» **Your objective**
Return every line below in which "bicommutative" appears.

BEGIN

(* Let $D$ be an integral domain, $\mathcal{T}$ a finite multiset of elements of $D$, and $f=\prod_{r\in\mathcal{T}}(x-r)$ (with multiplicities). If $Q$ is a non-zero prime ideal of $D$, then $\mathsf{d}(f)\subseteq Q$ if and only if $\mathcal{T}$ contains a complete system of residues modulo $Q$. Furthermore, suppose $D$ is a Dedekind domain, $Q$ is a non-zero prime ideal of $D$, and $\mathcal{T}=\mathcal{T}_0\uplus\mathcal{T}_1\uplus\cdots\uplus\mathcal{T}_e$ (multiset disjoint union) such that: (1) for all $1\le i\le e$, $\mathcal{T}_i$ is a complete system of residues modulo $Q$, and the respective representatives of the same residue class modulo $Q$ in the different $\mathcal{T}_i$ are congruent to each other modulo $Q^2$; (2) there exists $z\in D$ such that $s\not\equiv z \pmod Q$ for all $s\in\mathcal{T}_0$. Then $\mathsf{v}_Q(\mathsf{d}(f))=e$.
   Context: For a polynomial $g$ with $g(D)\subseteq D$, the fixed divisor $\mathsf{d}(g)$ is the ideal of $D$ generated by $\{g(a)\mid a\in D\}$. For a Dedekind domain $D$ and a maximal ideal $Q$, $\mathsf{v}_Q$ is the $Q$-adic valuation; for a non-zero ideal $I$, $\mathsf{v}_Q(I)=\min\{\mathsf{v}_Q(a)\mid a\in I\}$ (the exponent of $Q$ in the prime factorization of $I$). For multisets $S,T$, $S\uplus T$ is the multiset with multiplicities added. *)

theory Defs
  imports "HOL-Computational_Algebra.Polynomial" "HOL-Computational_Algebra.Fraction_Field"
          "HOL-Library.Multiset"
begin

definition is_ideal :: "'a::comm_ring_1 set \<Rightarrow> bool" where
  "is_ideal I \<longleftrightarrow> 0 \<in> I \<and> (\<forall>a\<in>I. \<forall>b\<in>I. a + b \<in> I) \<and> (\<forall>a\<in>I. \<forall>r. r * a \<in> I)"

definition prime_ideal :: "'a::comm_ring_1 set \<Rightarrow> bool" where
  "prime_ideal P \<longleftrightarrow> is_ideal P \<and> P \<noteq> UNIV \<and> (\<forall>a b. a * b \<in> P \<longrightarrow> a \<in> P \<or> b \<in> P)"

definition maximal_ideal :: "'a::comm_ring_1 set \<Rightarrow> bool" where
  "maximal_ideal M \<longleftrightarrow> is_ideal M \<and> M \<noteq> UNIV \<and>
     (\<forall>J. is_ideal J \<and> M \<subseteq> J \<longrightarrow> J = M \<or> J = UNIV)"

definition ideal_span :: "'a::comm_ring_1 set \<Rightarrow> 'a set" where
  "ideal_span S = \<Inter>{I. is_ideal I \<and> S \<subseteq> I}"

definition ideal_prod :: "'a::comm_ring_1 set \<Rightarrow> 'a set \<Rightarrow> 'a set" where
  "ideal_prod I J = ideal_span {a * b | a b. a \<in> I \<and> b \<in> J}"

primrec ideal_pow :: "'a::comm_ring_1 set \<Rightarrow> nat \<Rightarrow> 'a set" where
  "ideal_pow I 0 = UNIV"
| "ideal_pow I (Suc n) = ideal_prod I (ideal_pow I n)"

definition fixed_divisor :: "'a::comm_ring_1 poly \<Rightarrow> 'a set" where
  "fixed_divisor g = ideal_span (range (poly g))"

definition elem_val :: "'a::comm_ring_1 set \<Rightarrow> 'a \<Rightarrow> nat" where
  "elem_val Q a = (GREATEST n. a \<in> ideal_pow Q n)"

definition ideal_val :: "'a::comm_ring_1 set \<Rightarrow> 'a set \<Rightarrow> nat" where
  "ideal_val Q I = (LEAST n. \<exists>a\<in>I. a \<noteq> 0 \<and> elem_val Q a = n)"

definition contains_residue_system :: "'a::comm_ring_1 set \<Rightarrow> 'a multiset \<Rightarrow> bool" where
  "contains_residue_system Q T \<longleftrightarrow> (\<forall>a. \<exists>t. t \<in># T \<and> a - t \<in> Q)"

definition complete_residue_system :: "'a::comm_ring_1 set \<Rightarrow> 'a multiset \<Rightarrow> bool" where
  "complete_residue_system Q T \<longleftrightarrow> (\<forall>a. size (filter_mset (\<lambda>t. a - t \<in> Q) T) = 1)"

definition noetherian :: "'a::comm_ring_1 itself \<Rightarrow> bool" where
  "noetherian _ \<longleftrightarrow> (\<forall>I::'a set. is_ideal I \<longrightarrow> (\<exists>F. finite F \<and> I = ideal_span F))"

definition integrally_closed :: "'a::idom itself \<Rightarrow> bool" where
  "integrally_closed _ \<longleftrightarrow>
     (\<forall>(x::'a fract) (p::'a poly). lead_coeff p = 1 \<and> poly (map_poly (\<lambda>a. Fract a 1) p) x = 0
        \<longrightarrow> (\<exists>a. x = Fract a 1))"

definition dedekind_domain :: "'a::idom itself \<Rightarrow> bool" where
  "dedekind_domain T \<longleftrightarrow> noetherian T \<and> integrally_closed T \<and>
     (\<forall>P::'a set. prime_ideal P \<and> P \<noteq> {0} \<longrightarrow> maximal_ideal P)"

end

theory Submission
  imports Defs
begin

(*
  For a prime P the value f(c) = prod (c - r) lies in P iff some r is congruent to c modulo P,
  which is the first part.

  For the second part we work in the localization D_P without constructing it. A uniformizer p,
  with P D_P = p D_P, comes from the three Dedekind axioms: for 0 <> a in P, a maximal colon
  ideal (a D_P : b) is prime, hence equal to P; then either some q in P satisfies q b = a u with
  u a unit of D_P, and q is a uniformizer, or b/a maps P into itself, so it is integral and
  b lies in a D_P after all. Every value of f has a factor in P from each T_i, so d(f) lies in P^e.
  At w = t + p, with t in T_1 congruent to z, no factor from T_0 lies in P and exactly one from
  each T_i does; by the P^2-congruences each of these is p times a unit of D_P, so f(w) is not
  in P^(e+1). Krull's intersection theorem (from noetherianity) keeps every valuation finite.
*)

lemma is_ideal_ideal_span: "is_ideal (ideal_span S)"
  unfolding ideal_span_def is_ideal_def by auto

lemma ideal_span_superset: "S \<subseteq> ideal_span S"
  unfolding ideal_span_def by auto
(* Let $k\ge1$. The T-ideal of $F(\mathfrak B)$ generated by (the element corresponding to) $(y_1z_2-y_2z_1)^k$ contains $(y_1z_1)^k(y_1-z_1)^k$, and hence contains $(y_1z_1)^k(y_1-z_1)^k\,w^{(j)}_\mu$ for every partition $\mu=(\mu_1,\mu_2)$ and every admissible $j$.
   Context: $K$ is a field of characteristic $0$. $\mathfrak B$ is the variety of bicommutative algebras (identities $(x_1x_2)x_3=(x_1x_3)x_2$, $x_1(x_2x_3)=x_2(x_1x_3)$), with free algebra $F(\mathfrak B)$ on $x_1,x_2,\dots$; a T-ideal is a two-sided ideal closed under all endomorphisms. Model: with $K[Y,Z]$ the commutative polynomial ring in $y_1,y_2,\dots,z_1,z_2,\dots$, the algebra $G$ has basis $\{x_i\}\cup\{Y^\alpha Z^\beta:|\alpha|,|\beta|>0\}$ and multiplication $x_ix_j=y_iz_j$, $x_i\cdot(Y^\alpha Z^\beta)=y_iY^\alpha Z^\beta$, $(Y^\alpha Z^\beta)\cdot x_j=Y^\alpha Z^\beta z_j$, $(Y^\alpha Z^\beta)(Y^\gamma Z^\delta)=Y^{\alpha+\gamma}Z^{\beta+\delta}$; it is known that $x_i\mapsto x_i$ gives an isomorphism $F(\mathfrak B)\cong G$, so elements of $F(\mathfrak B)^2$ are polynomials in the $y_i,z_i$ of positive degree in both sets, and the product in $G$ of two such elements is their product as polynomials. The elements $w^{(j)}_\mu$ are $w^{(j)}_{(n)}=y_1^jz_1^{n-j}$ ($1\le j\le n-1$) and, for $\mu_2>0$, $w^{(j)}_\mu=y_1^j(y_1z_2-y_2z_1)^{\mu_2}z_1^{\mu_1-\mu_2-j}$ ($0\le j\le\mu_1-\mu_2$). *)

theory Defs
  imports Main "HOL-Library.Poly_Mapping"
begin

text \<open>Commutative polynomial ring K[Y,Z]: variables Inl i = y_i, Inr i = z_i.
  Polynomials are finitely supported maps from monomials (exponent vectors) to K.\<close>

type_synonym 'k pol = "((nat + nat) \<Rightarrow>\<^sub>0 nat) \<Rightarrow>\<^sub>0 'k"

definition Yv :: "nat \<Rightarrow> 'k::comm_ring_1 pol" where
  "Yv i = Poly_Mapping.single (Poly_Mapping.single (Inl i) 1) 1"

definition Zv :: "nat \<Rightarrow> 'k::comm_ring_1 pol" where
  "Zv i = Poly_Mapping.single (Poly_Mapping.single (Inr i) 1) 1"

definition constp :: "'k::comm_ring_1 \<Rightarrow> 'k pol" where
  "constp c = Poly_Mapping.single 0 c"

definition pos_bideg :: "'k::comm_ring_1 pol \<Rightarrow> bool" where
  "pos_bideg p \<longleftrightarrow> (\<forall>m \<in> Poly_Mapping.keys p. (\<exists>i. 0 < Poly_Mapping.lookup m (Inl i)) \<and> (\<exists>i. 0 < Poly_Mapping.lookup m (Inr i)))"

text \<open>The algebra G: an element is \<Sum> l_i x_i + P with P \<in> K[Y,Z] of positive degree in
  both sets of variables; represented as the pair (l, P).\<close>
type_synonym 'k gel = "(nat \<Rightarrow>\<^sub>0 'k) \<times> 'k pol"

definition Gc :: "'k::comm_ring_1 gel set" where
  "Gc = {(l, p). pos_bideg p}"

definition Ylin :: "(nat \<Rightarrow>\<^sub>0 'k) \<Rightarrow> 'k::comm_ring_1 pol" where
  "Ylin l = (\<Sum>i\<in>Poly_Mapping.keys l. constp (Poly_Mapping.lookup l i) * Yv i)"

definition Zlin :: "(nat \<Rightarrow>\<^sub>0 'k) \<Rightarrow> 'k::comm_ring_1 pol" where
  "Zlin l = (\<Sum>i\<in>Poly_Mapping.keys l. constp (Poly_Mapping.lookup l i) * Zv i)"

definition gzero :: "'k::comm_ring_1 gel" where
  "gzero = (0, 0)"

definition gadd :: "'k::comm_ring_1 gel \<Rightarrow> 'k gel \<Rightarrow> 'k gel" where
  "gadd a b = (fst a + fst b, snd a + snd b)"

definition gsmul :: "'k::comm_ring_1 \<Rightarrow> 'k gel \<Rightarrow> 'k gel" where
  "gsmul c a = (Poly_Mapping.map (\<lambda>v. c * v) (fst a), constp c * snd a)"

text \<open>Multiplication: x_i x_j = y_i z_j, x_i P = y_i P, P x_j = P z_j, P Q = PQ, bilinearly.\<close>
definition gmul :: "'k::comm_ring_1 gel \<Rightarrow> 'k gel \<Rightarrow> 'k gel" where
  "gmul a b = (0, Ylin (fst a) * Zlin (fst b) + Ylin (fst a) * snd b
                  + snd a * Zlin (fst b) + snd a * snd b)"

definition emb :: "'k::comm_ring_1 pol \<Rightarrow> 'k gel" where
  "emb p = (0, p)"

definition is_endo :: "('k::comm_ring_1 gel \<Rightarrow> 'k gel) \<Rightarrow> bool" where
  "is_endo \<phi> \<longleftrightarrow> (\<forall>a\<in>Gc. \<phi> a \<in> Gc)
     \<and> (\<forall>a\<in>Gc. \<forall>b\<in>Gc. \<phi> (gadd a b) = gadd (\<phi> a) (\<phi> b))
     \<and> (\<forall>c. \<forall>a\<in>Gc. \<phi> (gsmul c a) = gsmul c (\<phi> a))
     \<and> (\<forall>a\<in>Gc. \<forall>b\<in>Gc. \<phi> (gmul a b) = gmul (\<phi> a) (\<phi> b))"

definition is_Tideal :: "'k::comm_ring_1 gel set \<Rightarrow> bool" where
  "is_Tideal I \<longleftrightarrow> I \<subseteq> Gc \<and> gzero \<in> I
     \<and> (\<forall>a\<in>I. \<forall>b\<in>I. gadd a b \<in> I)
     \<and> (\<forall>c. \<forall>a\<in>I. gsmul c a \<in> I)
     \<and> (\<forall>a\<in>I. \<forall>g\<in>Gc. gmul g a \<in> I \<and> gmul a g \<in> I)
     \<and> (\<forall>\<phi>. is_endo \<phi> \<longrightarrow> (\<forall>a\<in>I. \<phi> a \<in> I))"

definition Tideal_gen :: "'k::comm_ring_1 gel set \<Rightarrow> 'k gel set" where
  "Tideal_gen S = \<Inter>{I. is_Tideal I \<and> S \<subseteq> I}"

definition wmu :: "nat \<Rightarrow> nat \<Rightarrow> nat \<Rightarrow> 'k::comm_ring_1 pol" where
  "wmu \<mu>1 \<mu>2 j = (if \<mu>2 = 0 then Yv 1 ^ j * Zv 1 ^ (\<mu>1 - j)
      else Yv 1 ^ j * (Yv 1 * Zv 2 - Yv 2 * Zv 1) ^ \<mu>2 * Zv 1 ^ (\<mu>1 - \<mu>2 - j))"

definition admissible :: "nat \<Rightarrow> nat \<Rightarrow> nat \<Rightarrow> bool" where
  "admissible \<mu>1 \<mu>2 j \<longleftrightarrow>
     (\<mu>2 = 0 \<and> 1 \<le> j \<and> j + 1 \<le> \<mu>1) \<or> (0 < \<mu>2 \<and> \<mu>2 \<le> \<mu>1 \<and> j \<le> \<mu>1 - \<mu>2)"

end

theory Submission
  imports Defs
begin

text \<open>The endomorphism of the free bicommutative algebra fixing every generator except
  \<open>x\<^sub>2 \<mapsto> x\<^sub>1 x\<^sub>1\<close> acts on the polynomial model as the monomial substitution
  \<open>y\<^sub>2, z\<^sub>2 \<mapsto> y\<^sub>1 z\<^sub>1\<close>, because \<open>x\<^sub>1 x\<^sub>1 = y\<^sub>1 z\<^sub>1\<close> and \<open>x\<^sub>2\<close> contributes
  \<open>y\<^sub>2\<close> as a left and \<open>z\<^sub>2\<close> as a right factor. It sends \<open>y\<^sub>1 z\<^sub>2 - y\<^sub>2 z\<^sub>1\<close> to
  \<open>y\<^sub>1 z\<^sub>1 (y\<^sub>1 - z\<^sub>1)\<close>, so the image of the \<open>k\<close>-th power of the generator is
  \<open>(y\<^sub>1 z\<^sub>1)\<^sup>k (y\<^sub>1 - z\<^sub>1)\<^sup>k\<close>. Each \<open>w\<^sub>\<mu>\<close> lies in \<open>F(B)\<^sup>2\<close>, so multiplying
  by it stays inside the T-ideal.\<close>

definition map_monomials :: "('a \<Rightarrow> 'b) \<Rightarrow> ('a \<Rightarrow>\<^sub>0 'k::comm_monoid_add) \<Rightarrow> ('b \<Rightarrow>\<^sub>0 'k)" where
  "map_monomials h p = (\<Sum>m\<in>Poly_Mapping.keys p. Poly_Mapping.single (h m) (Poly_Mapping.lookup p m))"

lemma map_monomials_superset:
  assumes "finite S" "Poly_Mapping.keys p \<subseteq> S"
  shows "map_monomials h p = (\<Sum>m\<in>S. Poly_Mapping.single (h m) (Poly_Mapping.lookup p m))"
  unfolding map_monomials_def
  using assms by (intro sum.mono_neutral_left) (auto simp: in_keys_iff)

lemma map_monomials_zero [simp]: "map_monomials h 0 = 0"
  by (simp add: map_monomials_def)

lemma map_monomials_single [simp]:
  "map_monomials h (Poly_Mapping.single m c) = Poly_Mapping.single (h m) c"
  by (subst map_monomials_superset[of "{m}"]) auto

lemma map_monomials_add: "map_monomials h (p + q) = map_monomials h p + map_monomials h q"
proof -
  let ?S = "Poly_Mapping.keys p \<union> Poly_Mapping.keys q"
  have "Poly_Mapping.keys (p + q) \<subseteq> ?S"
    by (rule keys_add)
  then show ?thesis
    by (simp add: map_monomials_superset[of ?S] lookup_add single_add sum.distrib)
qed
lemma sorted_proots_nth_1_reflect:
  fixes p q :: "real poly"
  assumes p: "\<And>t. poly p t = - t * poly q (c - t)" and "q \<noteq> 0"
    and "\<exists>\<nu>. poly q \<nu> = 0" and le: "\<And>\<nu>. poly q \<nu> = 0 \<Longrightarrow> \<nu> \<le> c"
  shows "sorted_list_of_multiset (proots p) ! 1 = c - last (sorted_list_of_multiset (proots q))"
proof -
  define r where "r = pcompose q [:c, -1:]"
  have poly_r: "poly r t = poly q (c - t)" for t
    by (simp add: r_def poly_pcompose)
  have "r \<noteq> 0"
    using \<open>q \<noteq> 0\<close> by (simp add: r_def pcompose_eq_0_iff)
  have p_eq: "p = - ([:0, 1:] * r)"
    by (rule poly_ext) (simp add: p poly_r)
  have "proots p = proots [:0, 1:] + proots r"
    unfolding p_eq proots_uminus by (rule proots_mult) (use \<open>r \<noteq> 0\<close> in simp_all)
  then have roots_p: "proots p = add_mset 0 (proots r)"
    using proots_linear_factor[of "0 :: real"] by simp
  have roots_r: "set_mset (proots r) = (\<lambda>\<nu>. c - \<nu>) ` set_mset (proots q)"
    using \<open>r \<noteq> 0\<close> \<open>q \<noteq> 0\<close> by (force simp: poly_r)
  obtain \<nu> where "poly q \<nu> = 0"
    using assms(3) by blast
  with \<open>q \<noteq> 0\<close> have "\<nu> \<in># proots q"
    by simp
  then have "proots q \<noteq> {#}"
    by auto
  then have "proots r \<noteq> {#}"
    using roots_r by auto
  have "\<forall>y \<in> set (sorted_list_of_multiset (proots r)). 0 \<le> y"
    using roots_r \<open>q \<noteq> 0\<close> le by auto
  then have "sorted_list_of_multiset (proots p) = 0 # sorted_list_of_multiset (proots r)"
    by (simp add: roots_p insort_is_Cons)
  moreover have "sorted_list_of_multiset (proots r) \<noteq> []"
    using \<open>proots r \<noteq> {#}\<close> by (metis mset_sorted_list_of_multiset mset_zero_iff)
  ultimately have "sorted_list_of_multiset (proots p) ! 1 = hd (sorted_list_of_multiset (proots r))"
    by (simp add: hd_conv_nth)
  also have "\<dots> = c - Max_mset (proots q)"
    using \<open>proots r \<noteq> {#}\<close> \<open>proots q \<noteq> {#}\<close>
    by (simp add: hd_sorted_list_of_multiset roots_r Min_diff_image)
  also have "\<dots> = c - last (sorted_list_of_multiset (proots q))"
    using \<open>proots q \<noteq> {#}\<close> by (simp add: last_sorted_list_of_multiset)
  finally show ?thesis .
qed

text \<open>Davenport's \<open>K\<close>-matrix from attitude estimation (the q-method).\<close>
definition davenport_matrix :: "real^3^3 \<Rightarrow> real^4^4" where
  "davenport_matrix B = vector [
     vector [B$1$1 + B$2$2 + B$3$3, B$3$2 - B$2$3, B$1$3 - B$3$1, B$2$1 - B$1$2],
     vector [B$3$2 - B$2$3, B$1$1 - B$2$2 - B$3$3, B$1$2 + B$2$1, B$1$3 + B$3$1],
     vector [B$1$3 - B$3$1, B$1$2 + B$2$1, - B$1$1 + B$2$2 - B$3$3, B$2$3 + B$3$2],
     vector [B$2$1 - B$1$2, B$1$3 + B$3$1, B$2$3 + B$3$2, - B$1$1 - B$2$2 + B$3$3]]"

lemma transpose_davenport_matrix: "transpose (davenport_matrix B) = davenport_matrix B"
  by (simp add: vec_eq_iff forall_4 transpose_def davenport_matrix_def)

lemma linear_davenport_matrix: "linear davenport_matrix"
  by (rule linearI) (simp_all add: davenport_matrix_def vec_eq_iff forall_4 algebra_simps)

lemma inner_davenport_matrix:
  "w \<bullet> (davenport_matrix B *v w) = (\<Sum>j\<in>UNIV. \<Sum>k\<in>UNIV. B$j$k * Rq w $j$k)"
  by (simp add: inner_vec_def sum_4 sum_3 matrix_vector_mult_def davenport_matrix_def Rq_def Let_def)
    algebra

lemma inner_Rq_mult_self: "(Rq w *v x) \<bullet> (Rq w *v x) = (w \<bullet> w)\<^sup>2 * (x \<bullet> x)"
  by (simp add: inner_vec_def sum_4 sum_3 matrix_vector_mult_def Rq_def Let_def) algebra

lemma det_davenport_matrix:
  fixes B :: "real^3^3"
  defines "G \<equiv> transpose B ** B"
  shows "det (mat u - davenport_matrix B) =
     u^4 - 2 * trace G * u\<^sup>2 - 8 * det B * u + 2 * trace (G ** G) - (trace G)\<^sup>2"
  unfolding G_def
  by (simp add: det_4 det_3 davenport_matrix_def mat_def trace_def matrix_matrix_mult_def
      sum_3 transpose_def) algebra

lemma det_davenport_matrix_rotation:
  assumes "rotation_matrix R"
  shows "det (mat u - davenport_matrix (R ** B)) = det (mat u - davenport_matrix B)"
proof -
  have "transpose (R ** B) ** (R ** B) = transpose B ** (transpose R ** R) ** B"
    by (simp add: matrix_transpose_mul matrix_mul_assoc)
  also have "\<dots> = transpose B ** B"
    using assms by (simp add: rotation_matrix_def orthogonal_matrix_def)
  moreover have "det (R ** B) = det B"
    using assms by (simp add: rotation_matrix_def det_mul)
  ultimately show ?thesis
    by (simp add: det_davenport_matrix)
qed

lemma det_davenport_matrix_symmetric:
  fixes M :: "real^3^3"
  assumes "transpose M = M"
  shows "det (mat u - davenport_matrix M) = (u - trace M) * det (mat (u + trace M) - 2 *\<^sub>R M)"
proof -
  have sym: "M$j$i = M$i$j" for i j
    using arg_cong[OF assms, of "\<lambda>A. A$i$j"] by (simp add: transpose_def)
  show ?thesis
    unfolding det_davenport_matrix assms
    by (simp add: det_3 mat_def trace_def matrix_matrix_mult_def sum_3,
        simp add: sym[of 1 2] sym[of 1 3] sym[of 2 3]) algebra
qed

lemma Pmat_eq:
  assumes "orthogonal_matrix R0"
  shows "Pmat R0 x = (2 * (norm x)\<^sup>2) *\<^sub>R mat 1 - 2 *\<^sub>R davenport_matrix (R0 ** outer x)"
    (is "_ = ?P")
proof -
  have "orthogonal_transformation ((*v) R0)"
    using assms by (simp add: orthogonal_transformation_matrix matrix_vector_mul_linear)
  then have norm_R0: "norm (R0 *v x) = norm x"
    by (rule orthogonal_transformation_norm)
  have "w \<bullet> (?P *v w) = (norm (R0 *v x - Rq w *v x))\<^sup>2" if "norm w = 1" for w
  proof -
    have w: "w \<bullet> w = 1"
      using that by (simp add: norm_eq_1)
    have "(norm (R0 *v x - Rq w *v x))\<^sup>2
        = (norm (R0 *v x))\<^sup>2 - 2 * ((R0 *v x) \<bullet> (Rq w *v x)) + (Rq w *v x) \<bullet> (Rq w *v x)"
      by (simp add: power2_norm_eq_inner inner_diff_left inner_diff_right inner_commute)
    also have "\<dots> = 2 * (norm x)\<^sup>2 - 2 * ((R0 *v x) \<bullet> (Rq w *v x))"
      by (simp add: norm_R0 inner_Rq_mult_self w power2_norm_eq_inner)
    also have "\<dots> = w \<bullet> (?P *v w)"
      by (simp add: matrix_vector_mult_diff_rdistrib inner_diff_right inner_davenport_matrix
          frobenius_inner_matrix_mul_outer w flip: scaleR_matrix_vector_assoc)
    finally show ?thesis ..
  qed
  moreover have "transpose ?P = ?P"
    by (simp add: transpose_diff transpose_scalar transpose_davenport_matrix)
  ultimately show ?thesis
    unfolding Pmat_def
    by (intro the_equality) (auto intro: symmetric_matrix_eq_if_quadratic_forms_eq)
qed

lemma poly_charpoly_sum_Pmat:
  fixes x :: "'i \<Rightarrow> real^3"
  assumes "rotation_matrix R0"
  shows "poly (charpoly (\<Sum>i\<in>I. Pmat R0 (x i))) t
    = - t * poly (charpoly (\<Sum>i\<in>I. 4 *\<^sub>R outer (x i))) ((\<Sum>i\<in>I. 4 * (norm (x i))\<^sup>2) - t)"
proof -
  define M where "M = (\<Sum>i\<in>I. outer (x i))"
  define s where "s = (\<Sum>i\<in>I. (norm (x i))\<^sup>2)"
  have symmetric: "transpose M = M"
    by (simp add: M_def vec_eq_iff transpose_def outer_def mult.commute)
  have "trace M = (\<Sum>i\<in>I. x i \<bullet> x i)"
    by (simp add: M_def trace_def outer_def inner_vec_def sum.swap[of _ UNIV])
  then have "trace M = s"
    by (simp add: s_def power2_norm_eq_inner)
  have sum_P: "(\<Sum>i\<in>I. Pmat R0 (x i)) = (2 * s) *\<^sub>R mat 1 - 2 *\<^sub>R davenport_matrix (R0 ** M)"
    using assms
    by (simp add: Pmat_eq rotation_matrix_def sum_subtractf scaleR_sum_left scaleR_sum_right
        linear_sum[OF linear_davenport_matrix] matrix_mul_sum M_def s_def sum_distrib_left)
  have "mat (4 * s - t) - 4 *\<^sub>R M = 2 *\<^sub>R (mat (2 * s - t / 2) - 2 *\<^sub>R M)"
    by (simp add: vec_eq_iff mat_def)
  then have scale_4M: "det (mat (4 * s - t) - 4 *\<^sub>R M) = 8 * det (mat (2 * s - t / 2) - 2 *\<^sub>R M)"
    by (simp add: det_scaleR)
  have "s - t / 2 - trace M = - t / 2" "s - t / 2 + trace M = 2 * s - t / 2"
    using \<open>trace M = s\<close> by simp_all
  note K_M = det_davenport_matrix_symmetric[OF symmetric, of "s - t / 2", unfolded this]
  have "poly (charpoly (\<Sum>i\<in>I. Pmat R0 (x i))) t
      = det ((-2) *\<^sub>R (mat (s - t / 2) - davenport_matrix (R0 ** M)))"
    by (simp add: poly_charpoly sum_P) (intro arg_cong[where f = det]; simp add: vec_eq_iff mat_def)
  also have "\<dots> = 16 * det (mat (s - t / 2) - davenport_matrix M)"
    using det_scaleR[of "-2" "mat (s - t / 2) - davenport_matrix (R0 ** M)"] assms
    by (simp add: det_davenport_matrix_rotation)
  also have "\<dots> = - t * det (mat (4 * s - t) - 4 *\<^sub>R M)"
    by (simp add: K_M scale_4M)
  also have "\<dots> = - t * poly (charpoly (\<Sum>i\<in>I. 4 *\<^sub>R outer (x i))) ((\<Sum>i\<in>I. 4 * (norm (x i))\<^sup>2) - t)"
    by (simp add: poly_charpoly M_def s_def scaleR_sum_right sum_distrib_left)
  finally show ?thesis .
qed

END

» **Problem solution**
   Context: $K$ is a field of characteristic $0$. $\mathfrak B$ is the variety of bicommutative algebras (identities $(x_1x_2)x_3=(x_1x_3)x_2$, $x_1(x_2x_3)=x_2(x_1x_3)$), with free algebra $F(\mathfrak B)$ on $x_1,x_2,\dots$; a T-ideal is a two-sided ideal closed under all endomorphisms. Model: with $K[Y,Z]$ the commutative polynomial ring in $y_1,y_2,\dots,z_1,z_2,\dots$, the algebra $G$ has basis $\{x_i\}\cup\{Y^\alpha Z^\beta:|\alpha|,|\beta|>0\}$ and multiplication $x_ix_j=y_iz_j$, $x_i\cdot(Y^\alpha Z^\beta)=y_iY^\alpha Z^\beta$, $(Y^\alpha Z^\beta)\cdot x_j=Y^\alpha Z^\beta z_j$, $(Y^\alpha Z^\beta)(Y^\gamma Z^\delta)=Y^{\alpha+\gamma}Z^{\beta+\delta}$; it is known that $x_i\mapsto x_i$ gives an isomorphism $F(\mathfrak B)\cong G$, so elements of $F(\mathfrak B)^2$ are polynomials in the $y_i,z_i$ of positive degree in both sets, and the product in $G$ of two such elements is their product as polynomials. The elements $w^{(j)}_\mu$ are $w^{(j)}_{(n)}=y_1^jz_1^{n-j}$ ($1\le j\le n-1$) and, for $\mu_2>0$, $w^{(j)}_\mu=y_1^j(y_1z_2-y_2z_1)^{\mu_2}z_1^{\mu_1-\mu_2-j}$ ($0\le j\le\mu_1-\mu_2$). *)
text \<open>The endomorphism of the free bicommutative algebra fixing every generator except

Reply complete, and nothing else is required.